**** INPUT MATERIAL ****
(* Let $K$ be the $2$-uniform tiling of the plane whose vertex types are $[3^6]$ and $[3^2,6^2]$. If $X$ is a map on the torus that is a quotient $X=K/\Gamma$ of $K$, then the vertices of $X$ form at most $4$ orbits under ${\rm Aut}(X)$.
   Context: A map is a polyhedral map: a cellular embedding of a connected graph in a closed surface such that the intersection of any two distinct faces is empty, a single vertex, or a single edge. For a vertex $u$, the faces containing $u$ form a cyclic sequence (the face-cycle at $u$); if this cyclic sequence consists of consecutive blocks of $n_1$ $p_1$-gons, then $n_2$ $p_2$-gons, ..., then $n_k$ $p_k$-gons, with cyclically consecutive $p_i$ distinct, then $u$ is said to have type $[p_1^{n_1},\dots,p_k^{n_k}]$ (defined up to cyclic shift and reversal). A $2$-uniform tiling is an edge-to-edge tiling of the Euclidean plane $\mathbb{R}^2$ by regular polygons whose symmetry group has exactly two orbits on the set of vertices; viewed as a map on the plane, its vertices have (at most) two types, listed as $[W;Z]$. (Up to isomorphism there are exactly $20$ such tilings; there is exactly one with the vertex types named in the claim.) For a map $K$ on the plane, a quotient of $K$ on the torus is a map $X$ on the torus together with a polyhedral covering map $\eta:K\to X$ with $X=K/\Gamma$, where $\Gamma\le {\rm Aut}(K)$ is a subgroup acting without fixed vertices, edges or faces and $K/\Gamma$ is homeomorphic to the torus. ${\rm Aut}(X)$ denotes the automorphism group of the map $X$, acting on its vertex set $V(X)$. *)

theory Defs
  imports Main
begin

text \<open>Points of the triangular lattice: (i,j) stands for i*e1 + j*e2 with
  e1 = (1,0), e2 = (1/2, sqrt 3/2). This basis is positively oriented.\<close>

type_synonym pt = "int \<times> int"

definition padd :: "pt \<Rightarrow> pt \<Rightarrow> pt" where
  "padd p q = (fst p + fst q, snd p + snd q)"

definition unit_vecs :: "pt set" where
  "unit_vecs = {(1,0), (0,1), (-1,1), (-1,0), (0,-1), (1,-1)}"

text \<open>The 2-uniform tiling K = [3^6; 3^2.6^2]: delete from the triangular lattice the
  lattice points (i,j) with i = j = 0 or i = j = 1 (mod 3) (these are the centres of the
  hexagons, which form a honeycomb of edge length sqrt 3); the six triangles around each
  deleted point are merged into a hexagon. The points with i = j = 2 (mod 3) are the
  vertices of type [3^6], all other vertices have type [3^2,6^2].\<close>

definition hex_centre :: "pt \<Rightarrow> bool" where
  "hex_centre p \<longleftrightarrow> fst p mod 3 = snd p mod 3 \<and> fst p mod 3 \<noteq> 2"

definition VK :: "pt set" where
  "VK = {p. \<not> hex_centre p}"

definition up_tri :: "pt \<Rightarrow> pt set" where
  "up_tri p = {p, padd p (1,0), padd p (0,1)}"

definition down_tri :: "pt \<Rightarrow> pt set" where
  "down_tri p = {padd p (1,0), padd p (0,1), padd p (1,1)}"

definition hexagon :: "pt \<Rightarrow> pt set" where
  "hexagon c = (padd c) ` unit_vecs"

definition FK :: "pt set set" where
  "FK = {up_tri p | p. up_tri p \<subseteq> VK} \<union> {down_tri p | p. down_tri p \<subseteq> VK}
        \<union> {hexagon c | c. hex_centre c}"

definition EK :: "pt set set" where
  "EK = {{p, q} | p q. p \<in> VK \<and> q \<in> VK \<and> (fst q - fst p, snd q - snd p) \<in> unit_vecs}"

definition AutK :: "(pt \<Rightarrow> pt) set" where
  "AutK = {f. bij_betw f VK VK \<and> (\<forall>v. v \<notin> VK \<longrightarrow> f v = v) \<and>
              (\<forall>F. F \<subseteq> VK \<longrightarrow> (F \<in> FK \<longleftrightarrow> f ` F \<in> FK))}"

definition orient :: "pt \<Rightarrow> pt \<Rightarrow> pt \<Rightarrow> int" where
  "orient a b c = (fst b - fst a) * (snd c - snd a) - (snd b - snd a) * (fst c - fst a)"

definition orientation_preserving :: "(pt \<Rightarrow> pt) \<Rightarrow> bool" where
  "orientation_preserving f \<longleftrightarrow>
     (\<forall>p. up_tri p \<subseteq> VK \<longrightarrow> orient (f p) (f (padd p (1,0))) (f (padd p (0,1))) > 0)"

definition subgroup_AutK :: "(pt \<Rightarrow> pt) set \<Rightarrow> bool" where
  "subgroup_AutK G \<longleftrightarrow> G \<subseteq> AutK \<and> id \<in> G \<and> (\<forall>g\<in>G. \<forall>h\<in>G. g \<circ> h \<in> G)
      \<and> (\<forall>g\<in>G. \<exists>h\<in>G. h \<circ> g = id)"

definition acts_freely :: "(pt \<Rightarrow> pt) set \<Rightarrow> bool" where
  "acts_freely G \<longleftrightarrow> (\<forall>g\<in>G. g \<noteq> id \<longrightarrow>
      (\<forall>v\<in>VK. g v \<noteq> v) \<and> (\<forall>e\<in>EK. g ` e \<noteq> e) \<and> (\<forall>F\<in>FK. g ` F \<noteq> F))"

text \<open>Quotient map eta : K -> K/G on vertices (a vertex of X is a G-orbit).\<close>
definition eta :: "(pt \<Rightarrow> pt) set \<Rightarrow> pt \<Rightarrow> pt set" where
  "eta G v = (\<lambda>g. g v) ` G"

definition VertX :: "(pt \<Rightarrow> pt) set \<Rightarrow> pt set set" where
  "VertX G = eta G ` VK"

definition FaceX :: "(pt \<Rightarrow> pt) set \<Rightarrow> pt set set set" where
  "FaceX G = (\<lambda>F. eta G ` F) ` FK"

definition EdgX :: "(pt \<Rightarrow> pt) set \<Rightarrow> pt set set set" where
  "EdgX G = (\<lambda>e. eta G ` e) ` EK"

text \<open>K/G is homeomorphic to the torus: G acts freely, cocompactly (finitely many vertex
  orbits) and preserving orientation (free + cocompact gives a closed surface covered by
  the plane, i.e. torus or Klein bottle; orientation preserving singles out the torus).\<close>
definition torus_quotient :: "(pt \<Rightarrow> pt) set \<Rightarrow> bool" where
  "torus_quotient G \<longleftrightarrow> subgroup_AutK G \<and> acts_freely G \<and> finite (VertX G)
      \<and> (\<forall>g\<in>G. orientation_preserving g)"

definition polyhedral_quotient :: "(pt \<Rightarrow> pt) set \<Rightarrow> bool" where
  "polyhedral_quotient G \<longleftrightarrow>
     (\<forall>F\<in>FK. inj_on (eta G) F)
   \<and> (\<forall>F\<in>FK. \<forall>F'\<in>FK. eta G ` F = eta G ` F' \<longrightarrow> (\<exists>g\<in>G. g ` F = F'))
   \<and> (\<forall>e\<in>EK. \<forall>e'\<in>EK. eta G ` e = eta G ` e' \<longrightarrow> (\<exists>g\<in>G. g ` e = e'))
   \<and> (\<forall>A\<in>FaceX G. \<forall>B\<in>FaceX G. A \<noteq> B \<longrightarrow>
         A \<inter> B = {} \<or> card (A \<inter> B) = 1 \<or> A \<inter> B \<in> EdgX G)"

definition AutX :: "(pt \<Rightarrow> pt) set \<Rightarrow> (pt set \<Rightarrow> pt set) set" where
  "AutX G = {a. bij_betw a (VertX G) (VertX G) \<and>
                (\<forall>A. A \<subseteq> VertX G \<longrightarrow> (A \<in> FaceX G \<longleftrightarrow> a ` A \<in> FaceX G))}"

definition AutX_orbits :: "(pt \<Rightarrow> pt) set \<Rightarrow> pt set set set" where
  "AutX_orbits G = {(\<lambda>a. a x) ` AutX G | x. x \<in> VertX G}"

end

theory Submission
  imports Defs "HOL-Library.Product_Plus"
begin

(* Identify the lattice point (i,j) with the Eisenstein integer i + j\<zeta>, \<zeta> = e^(i\<pi>/3).
   An orientation preserving automorphism g of K permutes the [3^6] vertices, and on the six
   neighbours of such a vertex s it acts as s + u \<mapsto> g s + a u for a unit a. Following the
   two hexagons along the spoke from s to s + 3u shows that the same unit works at s + 3u, hence
   g v = a v + b on all of V(K). If a \<noteq> 1, g is a rotation about a lattice point, an edge
   midpoint or a triangle centre, and so fixes a vertex, an edge or a face of K; hence the
   elements of \<Gamma> are translations. Therefore the translations by 3\<int>^2 and the half-turn
   about the [3^6] vertex (2,2) normalise \<Gamma> and induce automorphisms of X, and modulo these
   every vertex of K is equivalent to (2,2), (1,0), (1,2) or (2,1). *)

section \<open>Eisenstein integers and their units\<close>

lemma padd_eq_plus: "padd p q = p + q"
  by (simp add: padd_def plus_prod_def)

lemma unit_vecs_iff:
  "u \<in> unit_vecs \<longleftrightarrow> u = (1,0) \<or> u = (0,1) \<or> u = (-1,1) \<or> u = (-1,0) \<or> u = (0,-1) \<or> u = (1,-1)"
  by (auto simp: unit_vecs_def)

lemma unit_vecs_neq_zero: "u \<in> unit_vecs \<Longrightarrow> u \<noteq> 0"
  by (auto simp: unit_vecs_def zero_prod_def)

lemma uminus_unit_vecs: "uminus ` unit_vecs = unit_vecs"
  by (auto simp: unit_vecs_def)

lemma minus_in_unit_vecs: "u \<in> unit_vecs \<Longrightarrow> - u \<in> unit_vecs"
  using uminus_unit_vecs by blast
****
Of the lines above, copy each that contains "these".

  lattice points (i,j) with i = j = 0 or i = j = 1 (mod 3) (these are the centres of the
   about the [3^6] vertex (2,2) normalise \<Gamma> and induce automorphisms of X, and modulo these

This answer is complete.